Sim, nós não deveríamos precisar dos médicos cubanos. Nossa juventude
deveria ter acesso às escolas de medicina, de odontologia, de veterinária.
Deveríamos formar milhares e milhares de profissionais da saúde, para que
cuidassem das gentes de todo o país. Deveríamos ter universidades de massa, nas
quais os filhos do povo pudessem se formar com qualidade. E qualquer guri,
mesmo aquele que vive lá no interior do Acre, deveria poder fazer realidade o
sonho de ser "doutor". Mas, não é assim. Os médicos que temos são esses que
vemos na televisão dizendo que se vierem os cubanos eles não vão ajudar quando
eles errarem.
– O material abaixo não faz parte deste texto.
lemma gs_vec_nth: "j < length (gs_stage d X k) \<Longrightarrow> gs_vec d X j = gs_stage d X k ! j"
proof (cases "Suc j \<le> k")
  case True
  then obtain L' where "gs_stage d X k = gs_stage d X (Suc j) @ L'" using gs_stage_prefix by blast
  then show ?thesis using length_gs_stage_ge[of j] by (simp add: gs_vec_def nth_append)
next
  case False
  assume "j < length (gs_stage d X k)"
  moreover obtain L' where "gs_stage d X (Suc j) = gs_stage d X k @ L'"
    using gs_stage_prefix False by fastforce
  ultimately show ?thesis by (simp add: gs_vec_def nth_append)
qed

lemma orthonormal_gs_vec: "orthonormal_on UNIV (gs_vec d X)"
proof -
  have "gs_vec d X i \<in> l2 \<and> l2inner (gs_vec d X i) (gs_vec d X j) = (if i = j then 1 else 0)" for i j
  proof -
    define L where "L = gs_stage d X (Suc (max i j))"
    have "i < length L" "j < length L"
      using length_gs_stage_ge[of "max i j"] by (auto simp: L_def)
    moreover have "orthonormal_list L" by (simp add: L_def orthonormal_gs_stage)
    ultimately show ?thesis
      by (simp add: gs_vec_nth L_def orthonormal_on_def)
  qed
  then show ?thesis by (simp add: orthonormal_on_def)
qed

lemma gs_vec_in_Vk: "j \<le> k \<Longrightarrow> gs_vec d X j \<in> Vk k d X"
  using gs_stage_subset_Vk[of "Suc j" k d X] length_gs_stage_ge[of j] by (auto simp: gs_vec_def)

lemma Vk_lincomb_gs_vec:
  assumes "v \<in> Vk k d X"
  shows "\<exists>c. v = lincomb (gs_vec d X) (alpha k d) c"
proof -
  let ?L = "gs_stage d X (Suc k)"
  obtain c where "v = lincomb ((!) ?L) (length ?L) c"
    using assms Vk_subset_gs_stage_span by (auto simp: list_span_def)
  also have "\<dots> = lincomb (gs_vec d X) (length ?L) c"
    by (rule lincomb_cong) (simp_all add: gs_vec_nth)
  also have "\<dots> = lincomb (gs_vec d X) (alpha k d) (\<lambda>j. if j < length ?L then c j else 0)"
    by (rule lincomb_extend[OF length_gs_stage])
  finally show ?thesis by blast
qed

lemma triangular_onb_gs_vec: "triangular_onb (gs_vec d X) (\<lambda>n. alpha n d)"
proof
  show "orthonormal_on UNIV (gs_vec d X)" by (rule orthonormal_gs_vec)
  fix n
  have "ebasis n \<in> Vk n d X"
    using word_vec_in_Vk[OF replicate_in_words] by (simp add: word_vec_replicate)
  then show "\<exists>c. ebasis n = lincomb (gs_vec d X) (alpha n d) c" by (rule Vk_lincomb_gs_vec)
qed

end

theorem mainTheorem15:
  fixes d :: nat and X :: "nat \<Rightarrow> vec \<Rightarrow> vec"
  assumes "\<forall>i<d. bop (X i)"
  shows "\<exists>u ustar. unitary_with_adj u ustar \<and>
           (\<forall>k. (\<forall>f\<in>span_e (k + 1). u f \<in> Vk k d X) \<and>
                (\<forall>v\<in>Vk k d X. ustar v \<in> span_e (alpha k d)))"
proof -
  interpret triangular_onb "gs_vec d X" "\<lambda>n. alpha n d"
    by (rule triangular_onb_gs_vec[OF assms])
  have "U f \<in> Vk k d X" if "f \<in> span_e (k + 1)" for f k
  proof -
    have "U f = lincomb (gs_vec d X) (k + 1) f"
      using that by (intro U_finite_support) (simp add: span_e_def)
    also have "\<dots> \<in> Vk k d X"
      by (intro lin_closed_lincomb lin_closed_Vk gs_vec_in_Vk[OF assms]) simp
    finally show ?thesis .
  qed
  moreover have "Ustar v \<in> span_e (alpha k d)" if "v \<in> Vk k d X" for v k
    using Vk_lincomb_gs_vec[OF assms that]
    by (auto simp: span_e_def Ustar_def l2inner_lincomb_orthonormal[OF orthonormal subset_UNIV])
  ultimately show ?thesis using unitary by blast
qed

end
lemma partition_on_add_to_block:
  assumes P: "partition_on V P" and v: "v \<notin> V" and B: "B \<in> P"
  shows "partition_on (insert v V) (add_to_block v P B)"
proof -
  have PB: "P = insert B (P - {B})" using B by blast
  have disj: "disjnt B (\<Union>(P - {B}))"
    using partition_onD2[OF P] B by (auto simp: disjoint_def disjnt_def)
  then have "partition_on (V - B) (P - {B})"
    using P PB partition_on_insert[of B "P - {B}" V] by simp
  moreover have "insert v V - insert v B = V - B" using v by blast
  moreover have "disjnt (insert v B) (\<Union>(P - {B}))"
    using disj partition_onD1[OF P] v by (auto simp: disjnt_def)
  moreover have "insert v B \<subseteq> insert v V" using partition_on_block_subset[OF P B] by blast
  ultimately show ?thesis
    unfolding add_to_block_def by (subst partition_on_insert) auto
qed

lemma partition_on_delete_point:
  assumes Q: "partition_on (insert v V) Q" and v: "v \<notin> V"
  shows "partition_on V (delete_point v Q)"
proof -
  have "partition_on ((\<lambda>B. B - {v}) (insert v V)) ((\<lambda>B. B - {v}) ` Q - {{}})"
    by (rule partition_on_transform[OF Q]) (auto simp: disjnt_def)
  then show ?thesis unfolding delete_point_def using v by simp
qed

lemma delete_point_insert_singleton:
  assumes P: "partition_on V P" and v: "v \<notin> V"
  shows "delete_point v (insert {v} P) = P"
proof -
  have "(\<lambda>B. B - {v}) ` P = P"
    using partition_on_block_subset[OF P] v by (intro image_Diff_singleton_eq_self) blast
  then show ?thesis unfolding delete_point_def using partition_onD3[OF P] by auto
qed

lemma delete_point_add_to_block:
  assumes P: "partition_on V P" and v: "v \<notin> V" and B: "B \<in> P"
  shows "delete_point v (add_to_block v P B) = P"
proof -
  have "(\<lambda>C. C - {v}) ` (P - {B}) = P - {B}"
    using partition_on_block_subset[OF P] v by (intro image_Diff_singleton_eq_self) blast
  moreover have "insert v B - {v} = B" using partition_on_block_subset[OF P B] v by blast
  ultimately have "(\<lambda>C. C - {v}) ` add_to_block v P B = P"
    unfolding add_to_block_def using B by auto
  then show ?thesis unfolding delete_point_def using partition_onD3[OF P] by auto
qed

definition point_extensions :: "'a \<Rightarrow> 'a set set \<Rightarrow> 'a set set set" where
  "point_extensions v P = insert (insert {v} P) (add_to_block v P ` P)"

lemma in_point_extensions_delete_point:
  assumes Q: "partition_on (insert v V) Q" and v: "v \<notin> V"
  shows "Q \<in> point_extensions v (delete_point v Q)"
proof -
  obtain Bv where Bv: "Bv \<in> Q" "v \<in> Bv"
    using partition_onD1[OF Q] by blast
  have others: "\<forall>C\<in>Q - {Bv}. v \<notin> C"
    using partition_on_block_eq[OF Q _ Bv(1) _ Bv(2)] by blast
  have Qeq: "Q = insert Bv (Q - {Bv})" using Bv by blast
  have "{} \<notin> Q - {Bv}" using partition_onD3[OF Q] by blast
  then have D: "delete_point v Q = insert (Bv - {v}) (Q - {Bv}) - {{}}"
    unfolding delete_point_def
    by (subst Qeq) (simp only: image_insert image_Diff_singleton_eq_self[OF others])
  show ?thesis
  proof (cases "Bv = {v}")
    case True
    then have "delete_point v Q = Q - {Bv}" using D partition_onD3[OF Q] by auto
    then have "Q = insert {v} (delete_point v Q)" using True Bv by blast
    then show ?thesis unfolding point_extensions_def by (metis insertI1)
  next
    case False
    define B where "B = Bv - {v}"
    have "B \<noteq> {}" using False Bv(2) unfolding B_def by blast
    then have D': "delete_point v Q = insert B (Q - {Bv})"
      using D partition_onD3[OF Q] unfolding B_def by blast
    have "B \<notin> Q - {Bv}"
    proof
      assume "B \<in> Q - {Bv}"
      moreover obtain x where "x \<in> B" using \<open>B \<noteq> {}\<close> by blast
      ultimately show False
        using partition_on_block_eq[OF Q _ Bv(1), of B x] unfolding B_def by blast
    qed
    then have "add_to_block v (delete_point v Q) B = insert (insert v B) (Q - {Bv})"
      unfolding add_to_block_def D' by (simp add: insert_Diff_if)
    also have "insert v B = Bv" unfolding B_def using Bv by blast
    finally have "Q = add_to_block v (delete_point v Q) B" using Qeq by simp
    moreover have "B \<in> delete_point v Q" using D' by blast
    ultimately show ?thesis unfolding point_extensions_def by (metis image_eqI insertI2)
  qed
qed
Ou seja, que morra o vivente, apenas para provar que estão
certos.
É certo que temos também muitos profissionais médicos que se assemelham aos
cubanos, que dedicam suas vidas ao juramento que fizeram de cuidar, acolher,
curar. Esses, sabemos reconhecer de apenas uma mirada. Mas, ainda são minoria.
Para nossa desgraça, o que aparece são esses que vemos na TV a bradar contra os
cubanos, mas não contra o estado de abandono que está a população. E é isso que
torna tudo ainda mais sórdido. Porque pessoas há que lhes dão razão, e não são
poucas. Essas mesmas pessoas que, portando um plano privado de saúde, acreditam
estar a salvo. Não estão. Mas, ainda assim, compactuam dos preconceitos, dos
absurdos, da alienação e da mentira.
Eu realmente não queria que os médicos cubanos viessem para cá. Queria ter
um país que não precisasse dessa ajuda solidária. Mas, ocorre que, em alguma
medida, e em tantos lugares, somos tão desprotegidos como os irmãos do Haiti ou
de alguma longínqua aldeia africana. É certo que os médicos cubanos são só
pessoas, não fazem milagres. Mas, não há dúvidas de que a medicina que se
ensina e pratica na ilha caribenha se difere em muito da nossa. Ela pensa o ser
como uma vida integral, alguém que tem nome, sobrenome, sonhos, esperanças. Não
é um dado na ficha, um inoportuno, um zé ninguém. E é por conta disso que quero
receber essa gente única com todo o amor que há nessa vida. Eles saem de suas
casas para fazer o que nossos profissionais deveriam fazer. Rogo a todos os
deuses que eles tragam, mais do que essa solidariedade abissal, também o germe
da rebeldia, para que nosso povo possa compreender que já é chegada a hora de
fazermos a transformação. E que a gente avance para um país que não precise dos
cubanos, um país que possa ser ocupado por nós mesmos. Mas, para isso,
haveremos de mudar a universidade, mudar o país, e sair desse sistema que
mercadeja com a saúde e a vida.
Os cubanos podem até não salvar todas as vidas, mas, não duvido, eles serão capazes de segurar a mão do que padece e dizer: "não tema, eu estou aqui". Porque são feitos de outro barro. Socialista.